Norman Barker, M.S., M.A., R.B.P., is a professor of pathology and art as applied medicine at the Johns Hopkins University School of Medicine. He specializes in photomicroscopy, macro, and natural science photography. Mr. Barker is director of the Pathology Photography and Graphic Arts Laboratory. Barker received his undergraduate degree from the Maryland Institute College of Art. He earned his M.S. in education from Johns Hopkins and an M.A. in publications design from the University of Baltimore. Mr. Barker joined the Johns Hopkins faculty in 1983. He is an Accredited Senior Imaging Scientist (ASIS) and a Registered Biological Photographer as well as a fellow of the BioCommunications Association and a fellow of The Royal Photographic Society. Barker's work appears in textbooks, journals, and museums worldwide. His work is in the permanent collections of more than forty museums including The Smithsonian, The George Eastman House, The American Museum of Natural History and The Science Museum in London. Barker lives and works at Baltimore, Maryland.

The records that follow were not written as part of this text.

theorem proposition6p2:
  fixes M :: "complex^'n::finite^'n"
    and Ghat :: "('g, 'c) monoid_scheme"
    and proj :: "'g \<Rightarrow> ('n \<Rightarrow> 'n)"
    and i :: 'n
  defines "\<Gamma> \<equiv> mono_aut M"
    and "G \<equiv> monomial_perm ` mono_aut M"
    and "\<Gamma>f \<equiv> mono_aut_f M"
    and "H \<equiv> {\<sigma> \<in> monomial_perm ` mono_aut M. \<sigma> i = i}"
  assumes "complex_hadamard M"
    and "transitive_perms G"
    and "perfect_group (perm_group G)"
    and "perfect_group (mat_group \<Gamma>f)"
    and "schur_cover Ghat proj (perm_group G)"
  shows "\<exists>\<rho>. induced_from_linear_char Ghat {g \<in> carrier Ghat. proj g \<in> H} \<rho>
              \<and> \<rho> ` carrier Ghat = \<Gamma>f"
proof -
  note M = assms(5)
  have stem: "stem_extension Ghat proj (perm_group G)"
    using assms(9) by (simp add: schur_cover_def)
  have "group (perm_group G)"
    using stem by (simp add: stem_extension_def)
  then have "\<exists>\<theta>. \<theta> \<in> hom Ghat (mat_group \<Gamma>f) \<and> \<theta> ` carrier Ghat = carrier (mat_group \<Gamma>f)
      \<and> (\<forall>g\<in>carrier Ghat. monomial_perm (\<theta> g) = proj g)"
    using schur_cover_lift[OF assms(9)[unfolded G_def] group_hom_monomial_perm[OF M]
        _ kernel_monomial_perm_central[OF M]]
      assms(7,8) monomial_perm_image_mono_aut_f[OF M] finite_mono_aut_f[OF M]
    by (simp add: G_def \<Gamma>f_def)
  then obtain \<theta> where \<theta>: "\<theta> \<in> hom Ghat (mat_group \<Gamma>f)" "\<theta> ` carrier Ghat = \<Gamma>f"
    and lift: "\<And>g. g \<in> carrier Ghat \<Longrightarrow> monomial_perm (\<theta> g) = proj g"
    by auto
  have "\<exists>g\<in>carrier Ghat. monomial_perm (\<theta> g) i = j" for j
    using \<open>transitive_perms G\<close> stem lift by (fastforce simp: transitive_perms_def stem_extension_def)
  then interpret transitive_monomial_rep Ghat \<theta> i
    using stem \<theta>(1) by (intro transitive_monomial_repI) (auto simp: stem_extension_def \<Gamma>f_def mono_aut_f_def mono_aut_def)
  have "{g \<in> carrier Ghat. proj g \<in> H} = stabiliser"
    using stem lift by (auto simp: H_def G_def stabiliser_def stem_extension_def hom_def)
  then show ?thesis
    using induced_from_linear_char_stabiliser \<theta>(2) by auto
qed

end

Christine A. Iacobuzio-Donahue, MD, Ph.D. is a gastrointestinal pathologist interested in cancer genetics with a strong focus on pancreatic cancer. She is a member of the David M. Rubenstein Center for Pancreatic Cancer Research. Her research interests include understanding the role of somatic mutations in DNA, the “genetic blueprint” of all living cells, in tumorigenesis, metastasis, and treatment resistance. Iacobuzio-Donahue is also the Director of the Medical Donation Program. Unlike traditional body donation or organ donation programs, the Medical Donation Program empowers MSK patients at their end of life to donate their cancer tissues to the ongoing state of the art clinical research at Memorial Sloan Kettering Cancer Center. She received her MD and Ph.D. from Boston University, MA.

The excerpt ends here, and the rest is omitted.